Each bank has its own criteria.

A common one for rental income is to discount the rent to account for possible gaps between tenancies, expenses, tax etc. So if the actual rental income is €1,000 per month, a bank might take €750 per month into their calculations.

In addition, many banks will "stress-test" the mortgage repayments on the rented property. So even if you're actually paying interest-only at 3%, the bank will calculate what the repayments on a capital-and-interest mortgage at 5% would be.
 
Each bank has its own criteria.

A common one for rental income is to discount the rent to account for possible gaps between tenancies, expenses, tax etc. So if the actual rental income is €1,000 per month, a bank might take €750 per month into their calculations.

In addition, many banks will "stress-test" the mortgage repayments on the rented property. So even if you're actually paying interest-only at 3%, the bank will calculate what the repayments on a capital-and-interest mortgage at 5% would be.

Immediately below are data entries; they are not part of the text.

definition right_submodule ::
  "'o set \<Rightarrow> ('o \<Rightarrow> 'o \<Rightarrow> 'm set) \<Rightarrow> ('k::field \<Rightarrow> 'v::ab_group_add \<Rightarrow> 'v) \<Rightarrow> ('o \<Rightarrow> 'v set)
   \<Rightarrow> ('o \<Rightarrow> 'o \<Rightarrow> 'm \<Rightarrow> 'v \<Rightarrow> 'v) \<Rightarrow> ('o \<Rightarrow> 'v set) \<Rightarrow> bool" where
  "right_submodule Ob Hom sv V act N \<longleftrightarrow>
     (\<forall>x\<in>Ob. N x \<subseteq> V x \<and> module.subspace sv (N x)) \<and>
     (\<forall>x\<in>Ob. \<forall>y\<in>Ob. \<forall>f\<in>Hom x y. \<forall>v\<in>N y. act x y f v \<in> N x)"

definition locally_finite_mod :: "'o set \<Rightarrow> ('k::field \<Rightarrow> 'v::ab_group_add \<Rightarrow> 'v) \<Rightarrow> ('o \<Rightarrow> 'v set) \<Rightarrow> bool" where
  "locally_finite_mod Ob sv N \<longleftrightarrow> (\<forall>x\<in>Ob. fin_dim_sub sv (N x))"

definition directed_union :: "'o set \<Rightarrow> ('o \<Rightarrow> 'v set) \<Rightarrow> ('o \<Rightarrow> 'v set) set \<Rightarrow> bool" where
  "directed_union Ob V S \<longleftrightarrow>
     S \<noteq> {} \<and>
     (\<forall>N1\<in>S. \<forall>N2\<in>S. \<exists>N3\<in>S. \<forall>x\<in>Ob. N1 x \<subseteq> N3 x \<and> N2 x \<subseteq> N3 x) \<and>
     (\<forall>x\<in>Ob. V x = (\<Union>N\<in>S. N x))"

end

theory Submission
  imports Defs
begin

(* A vector v in V x generates the submodule y \<mapsto> E(x, y) v, whose value at y is a linear image
   of the finite-dimensional space E(x, y), so every vector lies in a locally finite submodule.
   The zero module is locally finite and sums of locally finite submodules are locally finite,
   so these submodules form a directed family with union V.  Right modules are left modules
   over the opposite category. *)

lemma fin_dim_sub_subspace:
  assumes "vector_space s" and "fin_dim_sub s S"
  shows "module.subspace s S"
proof -
  interpret vector_space s by fact
  show ?thesis using assms(2) unfolding fin_dim_sub_def by auto
qed

lemma fin_dim_sub_zero:
  assumes "vector_space s"
  shows "fin_dim_sub s {0}"
proof -
  interpret vector_space s by fact
  show ?thesis unfolding fin_dim_sub_def by (intro exI[of _ "{}"] conjI) simp_all
qed

lemma fin_dim_sub_sum:
  assumes "vector_space s" and "fin_dim_sub s A" and "fin_dim_sub s C"
  shows "fin_dim_sub s {a + c | a c. a \<in> A \<and> c \<in> C}"
proof -
  interpret vector_space s by fact
  obtain BA BC where "finite BA" "span BA = A" "finite BC" "span BC = C"
    using assms(2,3) unfolding fin_dim_sub_def by blast
  then have "span (BA \<union> BC) = {a + c | a c. a \<in> A \<and> c \<in> C}"
    using span_Un[of BA BC] by simp
  moreover have "BA \<union> BC \<subseteq> span (BA \<union> BC)"
    by (rule span_superset)
  ultimately show ?thesis
    unfolding fin_dim_sub_def using \<open>finite BA\<close> \<open>finite BC\<close>
    by (intro exI[of _ "BA \<union> BC"] conjI) simp_all
qed

lemma (in vector_space_pair) span_image_linear_on:
  assumes add: "\<And>a b. a \<in> vs1.span B \<Longrightarrow> b \<in> vs1.span B \<Longrightarrow> g (a + b) = g a + g b"
    and scale: "\<And>c a. a \<in> vs1.span B \<Longrightarrow> g (s1 c a) = s2 c (g a)"
  shows "g ` vs1.span B = vs2.span (g ` B)"
proof
  have g0: "g 0 = 0"
    using add[OF vs1.span_zero vs1.span_zero] by simp
  show "g ` vs1.span B \<subseteq> vs2.span (g ` B)"
  proof clarify
    fix a assume "a \<in> vs1.span B"
    then have "a \<in> vs1.span B \<and> g a \<in> vs2.span (g ` B)"
    proof (induction rule: vs1.span_induct_alt)
      case base
      then show ?case using g0 vs1.span_zero vs2.span_zero by simp
    next
      case (step c b a)
      then have "s1 c b \<in> vs1.span B" "s1 c b + a \<in> vs1.span B"
        by (auto intro: vs1.span_base vs1.span_scale vs1.span_add)
      moreover have "g (s1 c b + a) = s2 c (g b) + g a"
        using add scale step calculation by (metis vs1.span_base)
      ultimately show ?case
        using step by (auto intro: vs2.span_add vs2.span_scale vs2.span_base)
    qed
    then show "g a \<in> vs2.span (g ` B)" ..
  qed
  show "vs2.span (g ` B) \<subseteq> g ` vs1.span B"
  proof
    fix y assume "y \<in> vs2.span (g ` B)"
    then show "y \<in> g ` vs1.span B"
    proof (induction rule: vs2.span_induct_alt)
      case base
      then show ?case using g0 vs1.span_zero by (metis image_eqI)
    next
      case (step c y' y)
      then obtain b a where "b \<in> B" "y' = g b" "a \<in> vs1.span B" "y = g a" by blast
      moreover have "s1 c b \<in> vs1.span B" using \<open>b \<in> B\<close> by (intro vs1.span_scale vs1.span_base)
      ultimately have "s2 c y' + y = g (s1 c b + a)" and "s1 c b + a \<in> vs1.span B"
        using add scale vs1.span_base vs1.span_add by auto
      then show ?case by blast
    qed
  qed
qed

lemma fin_dim_sub_image:
  assumes "vector_space s1" and "vector_space s2" and "fin_dim_sub s1 H"
    and "\<And>a b. a \<in> H \<Longrightarrow> b \<in> H \<Longrightarrow> g (a + b) = g a + g b"
    and "\<And>c a. a \<in> H \<Longrightarrow> g (s1 c a) = s2 c (g a)"
  shows "fin_dim_sub s2 (g ` H)"
proof -
  interpret vector_space_pair s1 s2
    using assms(1,2) by (rule vector_space_pair.intro)
  obtain B where B: "finite B" "B \<subseteq> H" "vs1.span B = H"
    using assms(3) unfolding fin_dim_sub_def by blast
  then have "g ` H = vs2.span (g ` B)"
    using assms(4,5) span_image_linear_on[of B g] by simp
  then show ?thesis
    unfolding fin_dim_sub_def using B by blast
qed

lemma kcatD:
  assumes "kcat sm Ob Hom cmp idm"
  shows kcat_vector_space: "vector_space sm"
    and kcat_comp_closed:
      "\<lbrakk>x \<in> Ob; y \<in> Ob; z \<in> Ob; f \<in> Hom x y; g \<in> Hom y z\<rbrakk> \<Longrightarrow> cmp x y z g f \<in> Hom x z"
    and kcat_id_closed: "x \<in> Ob \<Longrightarrow> idm x \<in> Hom x x"
  using assms unfolding kcat_def by simp_all

lemma kcat_opposite:
  assumes "kcat sm Ob Hom cmp idm"
  shows "kcat sm Ob (\<lambda>x y. Hom y x) (\<lambda>x y z g f. cmp z y x f g) idm"
  using assms unfolding kcat_def by simp

lemma left_moduleD:
  assumes "left_module sm Ob Hom cmp idm sv V act"
  shows left_module_vector_space: "vector_space sv"
    and left_module_subspace: "x \<in> Ob \<Longrightarrow> module.subspace sv (V x)"
    and left_module_act_closed:
      "\<lbrakk>x \<in> Ob; y \<in> Ob; f \<in> Hom x y; v \<in> V x\<rbrakk> \<Longrightarrow> act x y f v \<in> V y"
    and left_module_act_add:
      "\<lbrakk>x \<in> Ob; y \<in> Ob; f \<in> Hom x y; u \<in> V x; v \<in> V x\<rbrakk>
        \<Longrightarrow> act x y f (u + v) = act x y f u + act x y f v"
    and left_module_act_add_hom:
      "\<lbrakk>x \<in> Ob; y \<in> Ob; f \<in> Hom x y; f' \<in> Hom x y; v \<in> V x\<rbrakk>
        \<Longrightarrow> act x y (f + f') v = act x y f v + act x y f' v"
    and left_module_act_scale_hom:
      "\<lbrakk>x \<in> Ob; y \<in> Ob; f \<in> Hom x y; v \<in> V x\<rbrakk> \<Longrightarrow> act x y (sm c f) v = sv c (act x y f v)"
    and left_module_act_id: "\<lbrakk>x \<in> Ob; v \<in> V x\<rbrakk> \<Longrightarrow> act x x (idm x) v = v"
    and left_module_act_comp:
      "\<lbrakk>x \<in> Ob; y \<in> Ob; z \<in> Ob; f \<in> Hom x y; g \<in> Hom y z; v \<in> V x\<rbrakk>
        \<Longrightarrow> act x z (cmp x y z g f) v = act y z g (act x y f v)"
  using assms unfolding left_module_def by simp_all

Thanks, do you by any chance know which banks take rental income into account and does your property have to be let for a specific number of months in order for them to consider it?
 
All banks will take a discounted rental income into account in calculating repayment capacity. As per previous post, they will also account for existing loan repayments at sensitised rate. Usually a bank will check your statement to verify rent payments. There is o set period for you to have the property rented and RI is discounted to allow for future vacancies. However, the Bank would generally like to see rent receipts over a minimum 6 month period.